→ Collected data

lemma rbmc_update_wf:
  assumes wf: "rbmc_wf k U (T, c)" and "a \<in> U" and "d > 0" and "1 \<le> ks" and "ks \<le> k"
  shows "rbmc_wf k U (rbmc_update k ks (T, c) (a, d))"
proof -
  from wf have fin: "finite T" and card: "card T \<le> k" unfolding rbmc_wf_def by auto
  consider "a \<in> T" | "a \<notin> T" "card T < k" | "a \<notin> T" "\<not> card T < k"
    by blast
  then show ?thesis
  proof cases
    case 1
    then show ?thesis using wf \<open>d > 0\<close> by (auto simp: rbmc_update_def rbmc_wf_def)
  next
    case 2
    then show ?thesis using wf \<open>a \<in> U\<close> \<open>d > 0\<close> by (auto simp: rbmc_update_def rbmc_wf_def)
  next
    case 3
    define ck where "ck = kth_largest T c ks"
    define T' where "T' = {x \<in> T. 0 < c x - ck}"
    obtain y where "y \<in> T" "c y = ck"
      using kth_largest_mem[where c = c, OF fin \<open>1 \<le> ks\<close>] 3 card \<open>ks \<le> k\<close> unfolding ck_def by auto
    then have "T' \<subset> T" unfolding T'_def by auto
    then have "card T' < k" using psubset_card_mono[OF fin] 3 card by simp
    moreover have "finite T'" using fin unfolding T'_def by simp
    ultimately have "card (insert a T') \<le> k" by (simp add: card_insert_if)
    with 3 show ?thesis using wf \<open>a \<in> U\<close> \<open>card T' < k\<close> \<open>finite T'\<close>
      unfolding rbmc_update_full[OF 3] ck_def[symmetric] T'_def[symmetric]
      by (auto simp: rbmc_wf_def Let_def T'_def)
  qed
qed
(* Let $T$ be a tree of order $n(T)\geq 3$ with $l(T)$ leaves, and suppose $(T,S)\in\mathscr{T}_1$ for some labeling $S=(S_A,S_B,S_C,S_D)$. Then $\gamma^{d}_2(T)=|S_A|=\frac{n(T)-l(T)+3}{4}$, and $S_A$ is the unique $\gamma^{d}_2$-set of $T$.
   Context: Graphs are finite and simple. For a vertex $v$ of a graph $G$, $N(v)$ is its open neighborhood, $N[v]=N(v)\cup\{v\}$, $d(v)=|N(v)|$, and $d(u,v)$ denotes distance. A leaf is a vertex of degree $1$; a support vertex is a vertex adjacent to a leaf. For a tree $T$, $l(T)$ and $s(T)$ denote the numbers of leaves and of support vertices, and $n(T)$ its order. A set $D\subseteq V(G)$ is a disjunctive dominating set ($2DD$-set) of $G$ if every vertex $v\notin D$ either has a neighbor in $D$ or has at least two vertices of $D$ at distance exactly $2$ from it. The disjunctive domination number $\gamma^{d}_2(G)$ is the minimum size of a $2DD$-set; a $2DD$-set of that size is a $\gamma^d_2$-set. Labeled trees: a labeling of a tree $T$ is a partition $S=(S_A,S_B,S_C,S_D)$ of $V(T)$ into four (possibly empty) sets; the status $\mathrm{sta}(v)\in\{A,B,C,D\}$ is the letter $x$ with $v\in S_x$. Operation $\mathscr{O}_1$: choose a vertex $v$ with $\mathrm{sta}(v)=A$; add a new vertex $u$ and the edge $uv$, with $\mathrm{sta}(u)=C$. Operation $\mathscr{O}_3$: choose a vertex $v$ with $\mathrm{sta}(v)=C$ and $d(v)=1$; add a new path $u_1u_2u_3u_4$ and the edge $u_1v$, with $\mathrm{sta}(u_1)=D$, $\mathrm{sta}(u_2)=B$, $\mathrm{sta}(u_3)=A$, $\mathrm{sta}(u_4)=C$. (Existing vertices keep their statuses.) $\mathscr{T}_1$ is the smallest family of labeled trees that contains $(P_3,S')$, where $S'$ gives both leaves of $P_3$ status $C$ and the central vertex status $A$, and is closed under $\mathscr{O}_1$ and $\mathscr{O}_3$. *)

theory Defs
  imports Complex_Main
begin

definition simple_graph :: "'a set \<Rightarrow> 'a set set \<Rightarrow> bool" where
  "simple_graph V E \<longleftrightarrow> finite V \<and> (\<forall>e\<in>E. \<exists>u v. u \<in> V \<and> v \<in> V \<and> u \<noteq> v \<and> e = {u, v})"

→ Assigned task
Beginning at the line above that contains "then show ?thesis using wf \<open>d", return each line exactly through the line that contains "(simp add: card_insert_if)", and no others.

→ Result below
    then show ?thesis using wf \<open>d > 0\<close> by (auto simp: rbmc_update_def rbmc_wf_def)
  next
    case 2
    then show ?thesis using wf \<open>a \<in> U\<close> \<open>d > 0\<close> by (auto simp: rbmc_update_def rbmc_wf_def)
  next
    case 3
    define ck where "ck = kth_largest T c ks"
    define T' where "T' = {x \<in> T. 0 < c x - ck}"
    obtain y where "y \<in> T" "c y = ck"
      using kth_largest_mem[where c = c, OF fin \<open>1 \<le> ks\<close>] 3 card \<open>ks \<le> k\<close> unfolding ck_def by auto
    then have "T' \<subset> T" unfolding T'_def by auto
    then have "card T' < k" using psubset_card_mono[OF fin] 3 card by simp
    moreover have "finite T'" using fin unfolding T'_def by simp
    ultimately have "card (insert a T') \<le> k" by (simp add: card_insert_if)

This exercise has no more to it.